24. A computer program product according to claim 19, wherein the program code for generating a generalized model of the plasma from the computed plasma characteristics for the plurality of cross-sections comprises program code for computing at least one of an electron density distribution, a temperature distribution, a distribution of ion species, a distribution of neutral species, and a flux incidence.

25. A computer program product according to claim 19, wherein the program code for generating a generalized model of the plasma from the computed plasma characteristics for the plurality of cross-sections comprises program code for averaging the computed plasma characteristics for each of the plurality of cross-sections.

26. A computer program product according to claim 19, further comprising program code for estimating an etching rate for a wafer positioned in the chamber from the generalized model of the plasma.

27. A computer program product according to claim 19, wherein the plasma reactor comprises a dipole ring magnet (DRM) plasma reactor.

28. A method of simulating plasma in a plasma apparatus having a plasma reactor and a plurality of permanent magnets which are asymmetrically arranged and rotate around the plasma reactor at predetermined speed, comprising the steps of:

(a) inputting a plasma reactor shape and process conditions and inputting plasma collision reaction data;

(b) 3-dimensionally computing static magnetic fields induced by the permanent magnets;

(c) computing electron density and temperature by a Monte Carlo method and interpreting the transmission phenomenon of ion and neutral species using the data of the steps (a) and (b) until they are converged; and

(d) obtaining overall plasma characteristics using the converged values.

29. The method of claim 28, wherein the step c) comprises plasma simulation at 2-dimensional cross-sections for cross-sectional magnetic field distribution in a characteristic magnetic field direction.

30. The method of claim 29, wherein the 2-dimensional plasma simulation is performed for a plurality of 2-dimensional cross-sections including an axis, obtains convergence values for the respective cross-sections, and averages them to obtain plasma characteristics.

31. The method of claim 28, wherein the plasma apparatus is a DRM plasma apparatus.

32. Computer readable recording media for recording a simulation method of plasma processing by a plasma apparatus having a plasm reactor and a plurality of permanent magnets which are asymmetrically arranged and rotate around the plasma reactor at a predetermined speed, comprising:

(a) a program module for inputting the plasma reactor shape and process conditions;

(b) a program module for inputting plasma collision reaction data;

(c) a program module for 3-dimensionally computing static magnetic fields induced by the permanent magnets; and

(d) a program module for calculating electron density and temperature by a Monte Carlo method and interpreting the transmission phenomenon of ion and neutral species until they are converged.

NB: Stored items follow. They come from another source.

(* For the space $\mathcal W$ defined below, $|\mathfrak P^\omega(\mathcal W)|=c$.
   Context: Identify $\mathbb R^2$ with $\mathbb C$. $\mathcal W=\{\tfrac1{2^{n+1}}e^{2\pi i\theta}+\tfrac1n+\tfrac{i}{2^{n+1}}:n\in\mathbb N,\theta\in[0,1]\}\cup[0,1]$, base point $0$. $c=|\mathbb R|$. An $\omega$-loop at $0$ is a continuous $k:[0,1]\to\mathcal W$ with $k(0)=k(1)=0$ all of whose fibres are finite; $\mathfrak P^\omega(\mathcal W)$ is the subgroup of $\pi_1(\mathcal W,0)$ generated by homotopy classes (rel endpoints) of $\omega$-loops at $0$. *)

theory Defs
  imports "HOL-Analysis.Analysis" "HOL-Library.Equipollence"
begin

text \<open>The space W: circles of radius 1/2^(n+1) tangent to the real axis at 1/n
  (n = 1, 2, ...), together with the unit segment [0,1] on the real axis.\<close>
definition W :: "complex set" where
  "W = {complex_of_real (1 / 2 ^ (n + 1)) * exp (2 * of_real pi * \<i> * complex_of_real \<theta>)
          + complex_of_real (1 / real n) + \<i> * complex_of_real (1 / 2 ^ (n + 1))
        | n \<theta>. n \<ge> (1::nat) \<and> \<theta> \<in> {0..1::real}}
     \<union> complex_of_real ` {0..1}"

definition loop_at0 :: "(real \<Rightarrow> complex) \<Rightarrow> bool" where
  "loop_at0 k \<longleftrightarrow> path k \<and> path_image k \<subseteq> W \<and> pathstart k = 0 \<and> pathfinish k = 0"

definition omega_loop :: "(real \<Rightarrow> complex) \<Rightarrow> bool" where
  "omega_loop k \<longleftrightarrow> loop_at0 k \<and> (\<forall>x. finite {t \<in> {0..1}. k t = x})"

definition hclass :: "(real \<Rightarrow> complex) \<Rightarrow> (real \<Rightarrow> complex) set" where
  "hclass p = {q. homotopic_paths W p q}"

text \<open>Representatives of the subgroup of pi_1(W,0) generated by the classes of omega-loops:
  closure of the omega-loops under identity, inverses (reversal) and products (concatenation).\<close>
inductive_set omega_words :: "(real \<Rightarrow> complex) set" where
  unit: "linepath 0 0 \<in> omega_words"
| gen: "omega_loop k \<Longrightarrow> k \<in> omega_words"
| inv: "p \<in> omega_words \<Longrightarrow> reversepath p \<in> omega_words"
| mult: "p \<in> omega_words \<Longrightarrow> q \<in> omega_words \<Longrightarrow> p +++ q \<in> omega_words"

definition P_omega :: "(real \<Rightarrow> complex) set set" where
  "P_omega = hclass ` omega_words"

end

theory Submission
  imports Defs "HOL-Complex_Analysis.Winding_Numbers"
begin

33. The computer readable recording media of claim 32, wherein the program module (d) comprises plasma simulation at 2-dimensional cross-sections for cross-sectional magnetic field distribution in a characteristic magnetic field direction.

34. The computer readable recording media of claim 33, wherein the 2-dimensional plasma simulation is performed for a plurality of 2-dimensional cross-sections including an axis, obtains convergence values for the respective cross-sections, and averages them to obtain plasma characteristics.

35. The computer readable recording media of claim 32, wherein the plasma apparatus is a DRM plasma apparatus.